Direct licensing may work for the very biggest AIs and publishers, but the rest of the internet needs a programmatic solution that pays publishers by usage – just like how ads get paid by the number of impressions.
Here's how:
AI surfaces publishers through RAG
AI earns 1st party ad revenue through its own on-site ads or paid users
AI shares revenue with RAG'd publishers
Just as ads democratized digital publishing, RAG royalties let anyone get paid when AI uses their content.
Who counts the RAGs?
To quote playwright Tom Stoppard, "It's not the voting that's democracy; it's the counting."
Google is the obvious candidate to run a RAG network, likely as an outgrowth of AdSense and Google Analytics.
But as with ads, there's the issue of “grading your own homework”. If Google’s generative search is the biggest consumer of RAG content, can publishers trust Google to impartially measure and distribute revenue?

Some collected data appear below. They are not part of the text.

(* Let $\mathbb{A}$ be an epistemic Heyting algebra and $a\in\mathbb{A}$. If $b\in\mathsf{Min}_i(\mathbb{A})$ and $b\wedge a\neq\bot$, then $[b]\in\mathsf{Min}_i(\mathbb{A}^a)$.
   Context: Fix a set $\mathsf{Ag}$ of agents. A monadic Heyting algebra is a Heyting algebra $\mathbb{L}$ with, for each $i\in\mathsf{Ag}$, monotone unary operations $\lozenge_i,\Box_i$ such that for all $a,b$: $a\leq\lozenge_i a$; $\Box_i a\leq a$; $\lozenge_i(a\vee b)\leq\lozenge_i a\vee\lozenge_i b$; $\Box_i(a\to b)\leq\Box_i a\to\Box_i b$; $\lozenge_i a\leq\Box_i\lozenge_i a$; $\lozenge_i\Box_i a\leq\Box_i a$; $\Box_i(a\to b)\leq\lozenge_i a\to\lozenge_i b$; $\lozenge_i\bot\leq\bot$; $\top\leq\Box_i\top$. An epistemic Heyting algebra is a finite monadic Heyting algebra with $\lozenge_i a\vee\neg\lozenge_i a=\top$ for all $i,a$. An element $c$ of such an algebra is $i$-minimal if $c\neq\bot$, $\lozenge_i c=c$, and whenever $d<c$ and $\lozenge_i d=d$ then $d=\bot$; $\mathsf{Min}_i(\cdot)$ is the set of $i$-minimal elements. The pseudo-quotient algebra $\mathbb{A}^a$: $b\cong_a c$ iff $b\wedge a=c\wedge a$; its carrier is the quotient Heyting algebra $\mathbb{L}/{\cong_a}$ (classes $[c]$, so $[b]\leq[c]$ iff $b\wedge a\leq c\wedge a$); $\lozenge^a_i[b]=[\lozenge_i(b\wedge a)]$ and $\Box^a_i[b]=[\Box_i(a\to b)]$. $i$-minimality in $\mathbb{A}^a$ is w.r.t. $\lozenge^a_i$. *)

theory Defs
  imports Main
begin

text \<open>Distributivity follows.\<close>

definition heyting_imp :: "('a::bounded_lattice \<Rightarrow> 'a \<Rightarrow> 'a) \<Rightarrow> bool" where
  "heyting_imp imp \<longleftrightarrow> (\<forall>a b c. inf c a \<le> b \<longleftrightarrow> c \<le> imp a b)"

definition monadic_HA ::
  "('a::bounded_lattice \<Rightarrow> 'a \<Rightarrow> 'a) \<Rightarrow> ('i \<Rightarrow> 'a \<Rightarrow> 'a) \<Rightarrow> ('i \<Rightarrow> 'a \<Rightarrow> 'a) \<Rightarrow> bool" where
  "monadic_HA imp dia box \<longleftrightarrow> heyting_imp imp \<and>
     (\<forall>i. mono (dia i) \<and> mono (box i) \<and>
       (\<forall>a b.
          a \<le> dia i a \<and>
          box i a \<le> a \<and>
          dia i (sup a b) \<le> sup (dia i a) (dia i b) \<and>
          box i (imp a b) \<le> imp (box i a) (box i b) \<and>
          dia i a \<le> box i (dia i a) \<and>
          dia i (box i a) \<le> box i a \<and>
          box i (imp a b) \<le> imp (dia i a) (dia i b) \<and>
          dia i bot \<le> bot \<and>
          top \<le> box i top))"

definition epistemic_HA ::
  "('a::bounded_lattice \<Rightarrow> 'a \<Rightarrow> 'a) \<Rightarrow> ('i \<Rightarrow> 'a \<Rightarrow> 'a) \<Rightarrow> ('i \<Rightarrow> 'a \<Rightarrow> 'a) \<Rightarrow> bool" where
  "epistemic_HA imp dia box \<longleftrightarrow> finite (UNIV :: 'a set) \<and> monadic_HA imp dia box \<and>
     (\<forall>i a. sup (dia i a) (imp (dia i a) bot) = top)"

definition is_min :: "('i \<Rightarrow> 'a::bounded_lattice \<Rightarrow> 'a) \<Rightarrow> 'i \<Rightarrow> 'a \<Rightarrow> bool" where
  "is_min dia i c \<longleftrightarrow> c \<noteq> bot \<and> dia i c = c \<and>
     (\<forall>d. d < c \<and> dia i d = d \<longrightarrow> d = bot)"

text \<open>The pseudo-quotient algebra A^a, presented on representatives:
  classes [b] with [b] = [c] iff b \<and> a = c \<and> a, [b] \<le> [c] iff b \<and> a \<le> c \<and> a,
  bottom class [\<bottom>], and \<open>dia^a_i [b] = [dia_i (b \<and> a)]\<close>.\<close>
definition q_eq :: "'a::bounded_lattice \<Rightarrow> 'a \<Rightarrow> 'a \<Rightarrow> bool" where
  "q_eq a b c \<longleftrightarrow> inf b a = inf c a"

definition q_le :: "'a::bounded_lattice \<Rightarrow> 'a \<Rightarrow> 'a \<Rightarrow> bool" where
  "q_le a b c \<longleftrightarrow> inf b a \<le> inf c a"

definition q_less :: "'a::bounded_lattice \<Rightarrow> 'a \<Rightarrow> 'a \<Rightarrow> bool" where
  "q_less a b c \<longleftrightarrow> q_le a b c \<and> \<not> q_eq a b c"

definition q_dia :: "('i \<Rightarrow> 'a::bounded_lattice \<Rightarrow> 'a) \<Rightarrow> 'a \<Rightarrow> 'i \<Rightarrow> 'a \<Rightarrow> 'a" where
  "q_dia dia a i b = dia i (inf b a)"

definition q_box :: "('a::bounded_lattice \<Rightarrow> 'a \<Rightarrow> 'a) \<Rightarrow> ('i \<Rightarrow> 'a \<Rightarrow> 'a) \<Rightarrow> 'a \<Rightarrow> 'i \<Rightarrow> 'a \<Rightarrow> 'a" where
  "q_box imp box a i b = box i (imp a b)"

definition is_min_q :: "('i \<Rightarrow> 'a::bounded_lattice \<Rightarrow> 'a) \<Rightarrow> 'a \<Rightarrow> 'i \<Rightarrow> 'a \<Rightarrow> bool" where
  "is_min_q dia a i c \<longleftrightarrow> \<not> q_eq a c bot \<and> q_eq a (q_dia dia a i c) c \<and>
     (\<forall>d. q_less a d c \<and> q_eq a (q_dia dia a i d) d \<longrightarrow> q_eq a d bot)"

end

theory Submission
  imports Defs
begin

text \<open>Each \<open>\<diamond>\<^sub>i\<close> is a closure operator, so \<open>\<diamond>\<^sub>i\<close> sends any nonzero element below an
  \<open>i\<close>-minimal \<open>b\<close> to a nonzero fixed point below \<open>b\<close>, i.e. to \<open>b\<close> itself. Since
  \<open>\<diamond>\<^sup>a\<^sub>i[x] = [\<diamond>\<^sub>i(x \<and> a)]\<close>, this gives \<open>\<diamond>\<^sup>a\<^sub>i[b] = [b]\<close> when \<open>b \<and> a \<noteq> \<bottom>\<close>, and a fixed
  point \<open>[d] < [b]\<close> with \<open>d \<and> a \<noteq> \<bottom>\<close> would satisfy \<open>[d] = [\<diamond>\<^sub>i(d \<and> a)] = [b]\<close>.\<close>

definition closure_operator :: "('a::order \<Rightarrow> 'a) \<Rightarrow> bool" where
  "closure_operator f \<longleftrightarrow> mono f \<and> (\<forall>x. x \<le> f x) \<and> (\<forall>x. f (f x) = f x)"

lemma monadic_HA_dia_closure_operator:
  assumes "monadic_HA imp dia box"
  shows "closure_operator (dia i)"
proof -
  have infl: "x \<le> dia i x" for x
    using assms unfolding monadic_HA_def by blast
  have "dia i (dia i x) = dia i x" for x
  proof -
    have "box i (dia i x) = dia i x"
      using assms unfolding monadic_HA_def by (blast intro: order.antisym)
    moreover have "dia i (box i (dia i x)) \<le> box i (dia i x)"
      using assms unfolding monadic_HA_def by blast
    ultimately show ?thesis using infl by (simp add: order.antisym)
  qed
  with infl assms show ?thesis
    unfolding closure_operator_def monadic_HA_def by blast
qed

lemma is_min_dia_eq:
  fixes b x :: "'a::bounded_lattice"
  assumes "closure_operator (dia i)" and "is_min dia i b"
    and "x \<le> b" and "x \<noteq> bot"
  shows "dia i x = b"
proof -
  have "dia i x \<le> b"
    using assms monoD[of "dia i" x b] unfolding closure_operator_def is_min_def by metis
  moreover have "dia i (dia i x) = dia i x" and "dia i x \<noteq> bot"
    using assms unfolding closure_operator_def by (metis bot_unique)+
  ultimately show ?thesis
    using assms(2) unfolding is_min_def by (metis order.not_eq_order_implies_strict)
qed

lemma is_min_q_if_is_min:
  fixes a b :: "'a::bounded_lattice"
  assumes closure: "closure_operator (dia i)" and min: "is_min dia i b"
    and meet: "inf b a \<noteq> bot"
  shows "is_min_q dia a i b"
proof -
  have "dia i (inf b a) = b"
    using is_min_dia_eq[OF closure min _ meet] by simp
  hence fixed: "q_eq a (q_dia dia a i b) b"
    unfolding q_eq_def q_dia_def by simp
  have "q_eq a d bot" if "q_less a d b" and "q_eq a (q_dia dia a i d) d" for d
  proof (rule ccontr)
    assume "\<not> q_eq a d bot"
    hence "inf d a \<noteq> bot" unfolding q_eq_def by simp
    moreover have "inf d a \<le> b"
      using \<open>q_less a d b\<close> unfolding q_less_def q_le_def by (meson le_infE)
    ultimately have "dia i (inf d a) = b"
      using is_min_dia_eq[OF closure min] by blast
    with that show False
      unfolding q_less_def q_eq_def q_dia_def by simp
  qed
  with fixed meet show ?thesis
    unfolding is_min_q_def q_eq_def by simp
qed

theorem lemma4:
  fixes imp :: "'a::bounded_lattice \<Rightarrow> 'a \<Rightarrow> 'a"
    and dia box :: "'i \<Rightarrow> 'a \<Rightarrow> 'a"
    and a b :: 'a and i :: 'i
  assumes "epistemic_HA imp dia box"
    and "is_min dia i b"
    and "inf b a \<noteq> bot"
  shows "is_min_q dia a i b"
proof -
  have "closure_operator (dia i)"
    using assms(1) unfolding epistemic_HA_def by (blast intro: monadic_HA_dia_closure_operator)
  then show ?thesis using assms(2,3) by (rule is_min_q_if_is_min)
qed

end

At a minimum, independent measurement companies are needed, similar to the adtech companies that measure ad viewability and invalid traffic.
Maybe a fully decentralized, programmatic marketplace is the best platform. Somewhere, a web3 fund manager just sat up straighter.
The next five years
A programatic RAG micro-royalty network won't be built in a day. Right now, publishers' best solution is creating interactive AI content that can't simply be scraped and RAG’d by third parties. Buzzfeed is experimenting with interactive formats; Direqt.ai has found traction providing publishers RAG chatbots for their own content. Incorporating genAI into traditional publishers increases user engagement and enables higher-performing ads that adapt to user interactions with AI.
Problems remain:
Publishers will game RAG retrieval just like they game SEO. The flood of AI-generated made-for-advertising sites makes this harder.
Consequently, not all RAG'd content is equal. If five publishers are retrieved, but one provided the most valuable info, that's hard to measure. How do we reward the best content?
Premium publishers will demand higher royalties. Do real-time auctions decide what content gets RAG’d for which queries?
What do we call this method of tagging RAG’d publishers for payment? “RAG network” sounds like “ad network”. I also like "RAGtags".
Indeed imagine a future where Substack has an agreement in place with Microsoft and Copilot gives me a daily summary of what my friends are up to (like Facebook in the good old days) as part of my copilot subscription. Substack agrees to license its content for a fee and it distributes some of it to the authors, and everytime I get a daily update about what Steven has published Steven earns a fee indirectly from me, encouraging him to publish more.
I wonder if there's some base model in how MSN runs its news service (I think Apple does something similar). Users of the platforms get to read articles from publications like the Atlantic for free and at the back-end Microsoft and Apple reimburse those content providers for their articles. Users on MSN are invited to read more from that publication and are taken to the website to do so.
As Microsoft is looking to make Windows a subscription product it could just seek to sign revenue sharing partnerships with the content providers that help strenghten its AI modeling. Indeed if they engage in "exclusive" content agreements it could even end up being super lucrative - imagine if the NYSE signed an agreement to provide equity data to Microsoft's generative AI platform ten minutes before Apple's.
Before search engines were just providing information and it was hard to charge for that and anyway people weren't used to paying for stuff. Now, perhaps, things have changed and more people are willing to pay, and people would perhaps be willing to pay for context and an understanding of intent alongside information.
Instead of it being the end it could be a cool new beginning.